Predicting Path of Spreading Wildfires

February 18, 2019

A University of Missouri researcher is teaming up with scholars in Kansas and Georgia to develop drone technology to monitor and potentially predict the spread of wildfires. The $1.2 million project will use drones to collect real-time data and send it to firefighters to help them contain wildfires, the Columbia Missourian reported.

“Currently, the (nation’s) firefighting, or fire management system, is not very effective and efficient,” said professor Ming Xin. “One of the main issues is we cannot predict where fires spread.”

Xin is working with University of Kansas professor Haiyang Chao and Georgia State University professor Xiaolin Hu in the wake of nearly 56,000 wildfires across the country last year.

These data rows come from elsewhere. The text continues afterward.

(* Let $A\subset\mathbb{R}^3$ be a $2+1$-complex. Then $A\subset [Extr(A)]^{rc}$.
   Context: A horizontal segment/line is one contained in a plane $\{z=c\}$; a vertical segment/line is one parallel to the $z$ axis. A $2+1$-complex is a closed subset of $\mathbb{R}^3$ that is the union of a finite list $L$ of elements, each of one of the following kinds: points; relatively open horizontal segments whose two endpoints belong to $L$; relatively open vertical segments whose two endpoints belong to $L$; relatively open triangles in a horizontal plane whose three boundary segments belong to $L$; relatively open rectangles in a vertical plane, two of whose sides are parallel to the $z$ axis, whose four boundary segments belong to $L$; open subsets of $\mathbb{R}^3$ whose boundary is a union of elements of the previous kinds, all belonging to $L$. A point $p\in A$ is extremal if no relatively open horizontal or vertical segment contained in $A$ contains $p$; $Extr(A)$ is the set of extremal points. A function $f:\mathbb{R}^3\to\mathbb{R}$ is $2+1$-convex if its restriction to every horizontal and every vertical line is convex; for compact $S$, $S^{rc}=\{x: f(x)\le\sup_S f\text{ for every } 2+1\text{-convex } f\}$. *)

theory Defs
  imports "HOL-Analysis.Analysis"
begin

type_synonym pt3 = "real ^ 3"

definition horiz_pair :: "pt3 \<Rightarrow> pt3 \<Rightarrow> bool" where
  "horiz_pair a b \<longleftrightarrow> a \<noteq> b \<and> a$3 = b$3"

definition vert_pair :: "pt3 \<Rightarrow> pt3 \<Rightarrow> bool" where
  "vert_pair a b \<longleftrightarrow> a \<noteq> b \<and> a$1 = b$1 \<and> a$2 = b$2"

definition ez :: pt3 where "ez = axis 3 1"

definition low_element :: "pt3 set set \<Rightarrow> pt3 set \<Rightarrow> bool" where
  "low_element L E \<longleftrightarrow>
     (\<exists>p. E = {p})
   \<or> (\<exists>a b. horiz_pair a b \<and> E = open_segment a b \<and> {a} \<in> L \<and> {b} \<in> L)
   \<or> (\<exists>a b. vert_pair a b \<and> E = open_segment a b \<and> {a} \<in> L \<and> {b} \<in> L)
   \<or> (\<exists>a b c. a$3 = b$3 \<and> a$3 = c$3 \<and> \<not> collinear {a, b, c}
        \<and> E = rel_interior (convex hull {a, b, c})
        \<and> open_segment a b \<in> L \<and> open_segment b c \<in> L \<and> open_segment a c \<in> L)
   \<or> (\<exists>a b t. horiz_pair a b \<and> t > 0
        \<and> E = rel_interior (convex hull {a, b, a + t *\<^sub>R ez, b + t *\<^sub>R ez})
        \<and> open_segment a b \<in> L
        \<and> open_segment (a + t *\<^sub>R ez) (b + t *\<^sub>R ez) \<in> L
        \<and> open_segment a (a + t *\<^sub>R ez) \<in> L
        \<and> open_segment b (b + t *\<^sub>R ez) \<in> L)"

definition complex_element :: "pt3 set set \<Rightarrow> pt3 set \<Rightarrow> bool" where
  "complex_element L E \<longleftrightarrow> low_element L E
   \<or> (open E \<and> bounded E \<and>
       (\<exists>S. S \<subseteq> {F \<in> L. low_element L F} \<and> frontier E = \<Union>S))"

definition complex21 :: "pt3 set \<Rightarrow> bool" where
  "complex21 A \<longleftrightarrow> closed A \<and>
     (\<exists>L. finite L \<and> A = \<Union>L \<and> (\<forall>E\<in>L. complex_element L E))"

definition Extr :: "pt3 set \<Rightarrow> pt3 set" where
  "Extr A = {p \<in> A. \<not> (\<exists>a b. (horiz_pair a b \<or> vert_pair a b)
                          \<and> open_segment a b \<subseteq> A \<and> p \<in> open_segment a b)}"

definition convex21 :: "(pt3 \<Rightarrow> real) \<Rightarrow> bool" where
  "convex21 f \<longleftrightarrow> (\<forall>p v. (v$3 = 0 \<or> (v$1 = 0 \<and> v$2 = 0)) \<longrightarrow>
       convex_on UNIV (\<lambda>t::real. f (p + t *\<^sub>R v)))"

text \<open>x \<in> S^rc iff f x \<le> sup_S f for all 2+1-convex f (sup taken in the extended reals,
  so expressed via upper bounds).\<close>

definition rc_hull :: "pt3 set \<Rightarrow> pt3 set" where
  "rc_hull S = {x. \<forall>f. convex21 f \<longrightarrow> (\<forall>c. (\<forall>y\<in>S. f y \<le> c) \<longrightarrow> f x \<le> c)}"

end

theory Submission
  imports Defs
begin

(* A 2+1-convex function f is convex along every coordinate axis. Such a function is bounded
   above on boxes and therefore locally Lipschitz, in particular continuous, so it attains its
   maximum on the compact set A; among the maximizers choose one, e, of largest norm. If e lay
   inside a horizontal or vertical segment contained in A, convexity of f along the segment
   would make the nearby points e + h v and e - h v maximizers as well, and by the
   parallelogram law one of them is farther from the origin than e. So e is extremal and
   f x <= f e <= sup f over Extr A. *)

lemma convex_on_abs_diff_le:
  fixes \<phi> :: "real \<Rightarrow> real"
  assumes conv: "convex_on UNIV \<phi>" and U: "\<And>t. \<bar>t\<bar> \<le> 1 \<Longrightarrow> \<phi> t \<le> U" and s: "\<bar>s\<bar> \<le> 1"
  shows "\<bar>\<phi> s - \<phi> 0\<bar> \<le> \<bar>s\<bar> * (U - \<phi> 0)"
proof -
  define e :: real where "e = sgn s"
  have e: "\<bar>e\<bar> \<le> 1" "s = \<bar>s\<bar> * e" by (auto simp: e_def sgn_if)
  have "\<phi> s = \<phi> ((1 - \<bar>s\<bar>) *\<^sub>R 0 + \<bar>s\<bar> *\<^sub>R e)"
    using e by simp
  also have "\<dots> \<le> (1 - \<bar>s\<bar>) * \<phi> 0 + \<bar>s\<bar> * \<phi> e"
    using s by (intro convex_onD[OF conv]) auto
  also have "\<dots> \<le> (1 - \<bar>s\<bar>) * \<phi> 0 + \<bar>s\<bar> * U"
    using U[OF e(1)] by (intro add_left_mono mult_left_mono) auto
  finally have upper: "\<phi> s - \<phi> 0 \<le> \<bar>s\<bar> * (U - \<phi> 0)"
    by (simp add: algebra_simps)
  define l where "l = \<bar>s\<bar> / (1 + \<bar>s\<bar>)"
  have l: "0 \<le> l" "l \<le> 1" "1 - l = 1 / (1 + \<bar>s\<bar>)" by (auto simp: l_def field_simps)
  have "\<phi> 0 = \<phi> ((1 - l) *\<^sub>R s + l *\<^sub>R (- e))"
    using e by (simp add: l_def field_simps)
  also have "\<dots> \<le> (1 - l) * \<phi> s + l * \<phi> (- e)"
    using l by (intro convex_onD[OF conv]) auto
  also have "\<dots> \<le> (1 - l) * \<phi> s + l * U"
    using U[of "- e"] e(1) l by (intro add_left_mono mult_left_mono) auto
  also have "\<dots> = (\<phi> s + \<bar>s\<bar> * U) / (1 + \<bar>s\<bar>)"
    unfolding l(3) by (simp add: l_def add_divide_distrib)
  finally have "(1 + \<bar>s\<bar>) * \<phi> 0 \<le> \<phi> s + \<bar>s\<bar> * U"
    by (simp add: pos_le_divide_eq mult.commute)
  then have lower: "\<phi> 0 - \<phi> s \<le> \<bar>s\<bar> * (U - \<phi> 0)"
    by (simp add: algebra_simps)
  from upper lower show ?thesis by linarith
qed

definition coordinatewise_convex :: "(real ^ 'n \<Rightarrow> real) \<Rightarrow> bool" where
  "coordinatewise_convex f \<longleftrightarrow> (\<forall>x i. convex_on UNIV (\<lambda>t. f (x + t *\<^sub>R axis i 1)))"

lemma coordinatewise_convex_bounded_above_on_box:
  fixes f :: "real ^ 'n \<Rightarrow> real"
  assumes f: "coordinatewise_convex f"
  shows "\<exists>U. \<forall>q. (\<forall>i. \<bar>q$i - p$i\<bar> \<le> r) \<longrightarrow> f q \<le> U"
proof -
  have "\<exists>U. \<forall>q. (\<forall>i\<in>I. \<bar>q$i - p$i\<bar> \<le> r) \<and> (\<forall>i. i \<notin> I \<longrightarrow> q$i = c$i) \<longrightarrow> f q \<le> U"
    if "finite I" for I and c :: "real ^ 'n"
    using that
  proof (induction I arbitrary: c rule: finite_induct)
    case empty
    show ?case by (rule exI[of _ "f c"]) (auto simp flip: vec_eq_iff)
  next
    case (insert j I)
    define face where "face s = c + (p$j + s - c$j) *\<^sub>R axis j 1" for s
    obtain U1 where U1: "\<And>q. \<forall>i\<in>I. \<bar>q$i - p$i\<bar> \<le> r \<Longrightarrow>
        \<forall>i. i \<notin> I \<longrightarrow> q$i = face (- r) $ i \<Longrightarrow> f q \<le> U1"
      using insert.IH by blast
    obtain U2 where U2: "\<And>q. \<forall>i\<in>I. \<bar>q$i - p$i\<bar> \<le> r \<Longrightarrow>
        \<forall>i. i \<notin> I \<longrightarrow> q$i = face r $ i \<Longrightarrow> f q \<le> U2"
      using insert.IH by blast
    show ?case
    proof (intro exI allI impI)
      fix q
      assume q: "(\<forall>i\<in>insert j I. \<bar>q$i - p$i\<bar> \<le> r) \<and> (\<forall>i. i \<notin> insert j I \<longrightarrow> q$i = c$i)"
      define \<phi> where "\<phi> t = f (q + t *\<^sub>R axis j 1)" for t
      have "convex_on {p$j - r - q$j .. p$j + r - q$j} \<phi>"
        using f unfolding coordinatewise_convex_def \<phi>_def by (blast intro: convex_on_subset)
      then have "\<phi> 0 \<le> max (\<phi> (p$j - r - q$j)) (\<phi> (p$j + r - q$j))"
        using q by (intro convex_on_le_max) (auto simp: abs_le_iff)
      also have "\<dots> \<le> max U1 U2"
        using q insert.hyps(2) unfolding \<phi>_def
        by (intro max.mono U1 U2) (auto simp: axis_def face_def)
      finally show "f q \<le> max U1 U2" by (simp add: \<phi>_def)
    qed
  qed
  from this[of UNIV p] show ?thesis by simp
qed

The Department of Agriculture and National Science Foundation are sponsoring the project.

Xin said the drones follow a simulation that can precisely predict where a fire will spread for the next 10 to 30 minutes. The drones collect real-time data with thermal imaging cameras and sensors that help estimate the wind field.

The most significant factors affecting the spread of a wildfire are an area’s terrain, vegetation and weather, Xin said.

While information on an area’s terrain and vegetation can be collected from a geological survey, the area’s weather patterns are more difficult to determine.

Xin hopes the technology will help firefighters see the scene of a fire on a larger scale. The researchers plan to launch test flights this summer.